• [Work task] Pick out every line of the entries below where "real" occurs, and copy those lines.
----
lemma safe_iter_tendsto: "(\<lambda>n. safe_iter P r c n s w) \<longlonglongrightarrow> safe_value s w"
  unfolding safe_value_def
  by (rule LIMSEQ_decseq_INF[OF bdd_below_safe_iter]) (rule decseq_SucI, rule safe_iter_Suc_le)

lemma safe_value_nonneg: "0 \<le> safe_value s w"
  unfolding safe_value_def using safe_iter_bounds by (intro cINF_greatest) auto

text \<open>The maximum over the finitely many actions commutes with the decreasing limit.\<close>

lemma safe_greedy_action_exists: "\<exists>a. safe_value s w \<le> q_value P r safe_value s w a"
proof (cases "c \<le> w")
  case False
  then have "safe_value s w \<le> 0"
    using safe_value_le_iter[of s w 0] by simp
  then show ?thesis
    using q_value_nonneg[of safe_value] safe_value_nonneg by (meson order_trans)
next
  case True
  show ?thesis
  proof (rule ccontr)
    assume "\<not> ?thesis"
    then have "\<And>a. q_value P r safe_value s w a < safe_value s w"
      by (simp add: not_le)
    then have "\<forall>\<^sub>F n in sequentially. q_value P r (safe_iter P r c n) s w a < safe_value s w" for a
      by (rule order_tendstoD(2)[OF q_value_tendsto[OF safe_iter_tendsto]])
    then have "\<forall>\<^sub>F n in sequentially. \<forall>a. q_value P r (safe_iter P r c n) s w a < safe_value s w"
      by (rule eventually_all_finite)
    then obtain n where n: "\<forall>a. q_value P r (safe_iter P r c n) s w a < safe_value s w"
      unfolding eventually_sequentially by blast
    have "safe_value s w \<le> safe_iter P r c (Suc n) s w"
      by (rule safe_value_le_iter)
    also have "\<dots> = Max (range (q_value P r (safe_iter P r c n) s w))"
      using True by simp
    also have "\<dots> < safe_value s w"
      using Max_in[of "range (q_value P r (safe_iter P r c n) s w)"] n by auto
    finally show False
      by simp
  qed
qed

definition safe_decision :: "'s \<Rightarrow> real \<Rightarrow> 'a" where
  "safe_decision s w = (SOME a. safe_value s w \<le> q_value P r safe_value s w a)"

lemma safe_value_le_q_value_decision: "safe_value s w \<le> q_value P r safe_value s w (safe_decision s w)"
  unfolding safe_decision_def using safe_greedy_action_exists by (rule someI_ex)

lemma safe_value_le_prob_wealth_ge_after:
  "safe_value s w \<le> prob_wealth_ge_after P r c (wealth_policy r safe_decision w) s n w"
proof (induction n arbitrary: s w)
  case 0
  show ?case
    using safe_value_le_iter[of s w 0] by (simp add: prob_wealth_ge_after_0)
next
  case (Suc n)
  have "safe_value s w \<le> q_value P r safe_value s w (safe_decision s w)"
    by (rule safe_value_le_q_value_decision)
  also have "\<dots> \<le> prob_wealth_ge_after P r c (wealth_policy r safe_decision w) s (Suc n) w"
    unfolding prob_wealth_ge_after_wealth_policy_Suc using Suc by (rule q_value_mono)
  finally show ?case .
qed

theorem prob_wealth_ge_optimal_of_nonpos:
  "prob_wealth_ge P r c \<pi> s0 \<le> prob_wealth_ge P r c (wealth_policy r safe_decision 0) s0"
proof -
  have "prob_wealth_ge P r c \<pi> s0 \<le> safe_value s0 0"
    unfolding safe_value_def
    by (rule cINF_greatest)
       (auto intro: order_trans[OF prob_wealth_ge_le_after[OF nonpos] prob_wealth_ge_after_le_safe_iter])
  also have "\<dots> \<le> prob_wealth_ge P r c (wealth_policy r safe_decision 0) s0"
    by (rule LIMSEQ_le_const[OF prob_wealth_ge_after_tendsto_of_nonpos[OF nonpos]])
       (use safe_value_le_prob_wealth_ge_after in auto)
  finally show ?thesis .
qed

end

section \<open>Nonnegative rewards: a reachability problem\<close>

lemma pmf_max_principle:
  fixes g :: "'s::finite \<Rightarrow> real"
  assumes le: "\<And>t. 0 < pmf p t \<Longrightarrow> g t \<le> m" and ge: "m \<le> (\<Sum>t\<in>UNIV. pmf p t * g t)"
    and t: "0 < pmf p t"
  shows "g t = m"
proof -
  have nonneg: "0 \<le> pmf p t' * (m - g t')" for t'
  proof (cases "0 < pmf p t'")
    case False
    then have "pmf p t' = 0"
      using pmf_nonneg[of p t'] by linarith
    then show ?thesis
      by simp
  qed (use le[of t'] in simp)
  have "(\<Sum>t'\<in>UNIV. pmf p t' * (m - g t')) = m - (\<Sum>t'\<in>UNIV. pmf p t' * g t')"
    by (simp add: right_diff_distrib sum_subtractf sum_distrib_right[symmetric] sum_pmf_UNIV)
  also have "\<dots> \<le> 0"
    using ge by simp
  finally have "(\<Sum>t'\<in>UNIV. pmf p t' * (m - g t')) \<le> 0" .
  moreover have "0 \<le> (\<Sum>t'\<in>UNIV. pmf p t' * (m - g t'))"
    by (rule sum_nonneg) (rule nonneg)
  ultimately have "(\<Sum>t'\<in>UNIV. pmf p t' * (m - g t')) = 0"
    by linarith
  then have "pmf p t * (m - g t) = 0"
    using nonneg by (simp add: sum_nonneg_eq_0_iff)
  then show ?thesis
    using t by simp
qed

lemma q_value_shift:
  assumes "\<And>s'. 0 < pmf (P s a) s' \<Longrightarrow> f s' (w + r s a) = g s' (w + r s a) - \<epsilon>"
  shows "q_value P r f s w a = q_value P r g s w a - \<epsilon>"
proof -
  have "pmf (P s a) s' * f s' (w + r s a) = pmf (P s a) s' * g s' (w + r s a) - pmf (P s a) s' * \<epsilon>" for s'
  proof (cases "0 < pmf (P s a) s'")
    case False
    then have "pmf (P s a) s' = 0"
      using pmf_nonneg[of "P s a" s'] by linarith
    then show ?thesis
      by simp
  qed (simp add: assms right_diff_distrib)
  then show ?thesis
    unfolding q_value_def by (simp add: sum_subtractf sum_distrib_right[symmetric] sum_pmf_UNIV)
qed

fun reach_iter :: "('s::finite \<Rightarrow> 'a::finite \<Rightarrow> 's pmf) \<Rightarrow> ('s \<Rightarrow> 'a \<Rightarrow> real) \<Rightarrow> real \<Rightarrow> nat \<Rightarrow> 's \<Rightarrow> real \<Rightarrow> real" where
  "reach_iter P r c 0 s w = (if c \<le> w then 1 else 0)"
| "reach_iter P r c (Suc n) s w = (if c \<le> w then 1 else Max (range (q_value P r (reach_iter P r c n) s w)))"

definition reach_value ::
  "('s::finite \<Rightarrow> 'a::finite \<Rightarrow> 's pmf) \<Rightarrow> ('s \<Rightarrow> 'a \<Rightarrow> real) \<Rightarrow> real \<Rightarrow> 's \<Rightarrow> real \<Rightarrow> real" where
  "reach_value P r c s w = (SUP n. reach_iter P r c n s w)"

text \<open>Acting greedily with respect to the value is not enough: a greedy action may keep the
  process forever on a level set of the value. The progress sets collect the states from which
  greedy actions reach the target within n steps with positive probability.\<close>

primrec progress_set ::
  "('s::finite \<Rightarrow> 'a::finite \<Rightarrow> 's pmf) \<Rightarrow> ('s \<Rightarrow> 'a \<Rightarrow> real) \<Rightarrow> real \<Rightarrow> nat \<Rightarrow> ('s \<times> real) set" where
  "progress_set P r c 0 = {(s, w). c \<le> w}"
| "progress_set P r c (Suc n) = progress_set P r c n \<union>
     {(s, w). \<exists>a. reach_value P r c s w \<le> q_value P r (reach_value P r c) s w a \<and>
        (\<exists>s'. 0 < pmf (P s a) s' \<and> (s', w + r s a) \<in> progress_set P r c n)}"

context
  fixes P :: "'s::finite \<Rightarrow> 'a::finite \<Rightarrow> 's pmf" and r :: "'s \<Rightarrow> 'a \<Rightarrow> real" and c :: real
  assumes nonneg: "\<forall>s a. 0 \<le> r s a"
begin

lemma reach_iter_bounds: "0 \<le> reach_iter P r c n s w \<and> reach_iter P r c n s w \<le> 1"
proof (induction n arbitrary: s w)
  case (Suc n)
  then show ?case
    using Max_q_value_bounds[of "reach_iter P r c n" P r s w] by auto
qed simp

lemma reach_iter_le_Suc: "reach_iter P r c n s w \<le> reach_iter P r c (Suc n) s w"
proof (induction n arbitrary: s w)
  case 0
  then show ?case
    using Max_q_value_bounds[of "reach_iter P r c 0" P r s w] reach_iter_bounds by simp
next
  case (Suc n)
  then show ?case
    using Max_q_value_mono[of "reach_iter P r c n" "reach_iter P r c (Suc n)" P r s w] by simp
qed

lemma prob_wealth_ge_after_le_reach_iter: "prob_wealth_ge_after P r c \<pi> s n w \<le> reach_iter P r c n s w"
proof (induction n arbitrary: \<pi> s w)
  case (Suc n)
  then show ?case
    using prob_wealth_ge_after_Suc_le_Max[OF Suc] by (simp add: prob_wealth_ge_after_le_1)
qed (simp add: prob_wealth_ge_after_0)

lemma bdd_above_reach_iter: "bdd_above (range (\<lambda>n. reach_iter P r c n s w))"
  using reach_iter_bounds by (intro bdd_aboveI[of _ 1]) auto

lemma reach_iter_le_value: "reach_iter P r c n s w \<le> reach_value P r c s w"
  unfolding reach_value_def by (rule cSUP_upper[OF _ bdd_above_reach_iter]) simp

lemma reach_value_le: "(\<And>n. reach_iter P r c n s w \<le> x) \<Longrightarrow> reach_value P r c s w \<le> x"
  unfolding reach_value_def by (rule cSUP_least) auto

lemma reach_iter_tendsto: "(\<lambda>n. reach_iter P r c n s w) \<longlonglongrightarrow> reach_value P r c s w"
  unfolding reach_value_def
  by (rule LIMSEQ_incseq_SUP[OF bdd_above_reach_iter]) (rule incseq_SucI, rule reach_iter_le_Suc)

lemma reach_value_nonneg: "0 \<le> reach_value P r c s w"
  using reach_iter_le_value[of 0 s w] reach_iter_bounds[of 0 s w] by linarith

lemma reach_value_le_1: "reach_value P r c s w \<le> 1"
  using reach_iter_bounds by (intro reach_value_le) auto

lemma reach_value_target: "c \<le> w \<Longrightarrow> reach_value P r c s w = 1"
  using reach_iter_le_value[of 0 s w] reach_value_le_1[of s w] by simp

lemma q_value_reach_value_le:
  assumes "w < c"
  shows "q_value P r (reach_value P r c) s w a \<le> reach_value P r c s w"
proof -
  have "q_value P r (reach_iter P r c n) s w a \<le> reach_value P r c s w" for n
  proof -
    have "q_value P r (reach_iter P r c n) s w a \<le> Max (range (q_value P r (reach_iter P r c n) s w))"
      by (rule Max_ge) simp_all
    also have "\<dots> \<le> reach_value P r c s w"
      using reach_iter_le_value[of "Suc n" s w] assms by simp
    finally show ?thesis .
  qed
  then show ?thesis
    by (intro LIMSEQ_le_const2[OF q_value_tendsto[OF reach_iter_tendsto]]) auto
qed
----
• [Output]
definition safe_decision :: "'s \<Rightarrow> real \<Rightarrow> 'a" where
  fixes g :: "'s::finite \<Rightarrow> real"
fun reach_iter :: "('s::finite \<Rightarrow> 'a::finite \<Rightarrow> 's pmf) \<Rightarrow> ('s \<Rightarrow> 'a \<Rightarrow> real) \<Rightarrow> real \<Rightarrow> nat \<Rightarrow> 's \<Rightarrow> real \<Rightarrow> real" where
  "('s::finite \<Rightarrow> 'a::finite \<Rightarrow> 's pmf) \<Rightarrow> ('s \<Rightarrow> 'a \<Rightarrow> real) \<Rightarrow> real \<Rightarrow> 's \<Rightarrow> real \<Rightarrow> real" where
  "('s::finite \<Rightarrow> 'a::finite \<Rightarrow> 's pmf) \<Rightarrow> ('s \<Rightarrow> 'a \<Rightarrow> real) \<Rightarrow> real \<Rightarrow> nat \<Rightarrow> ('s \<times> real) set" where
  fixes P :: "'s::finite \<Rightarrow> 'a::finite \<Rightarrow> 's pmf" and r :: "'s \<Rightarrow> 'a \<Rightarrow> real" and c :: real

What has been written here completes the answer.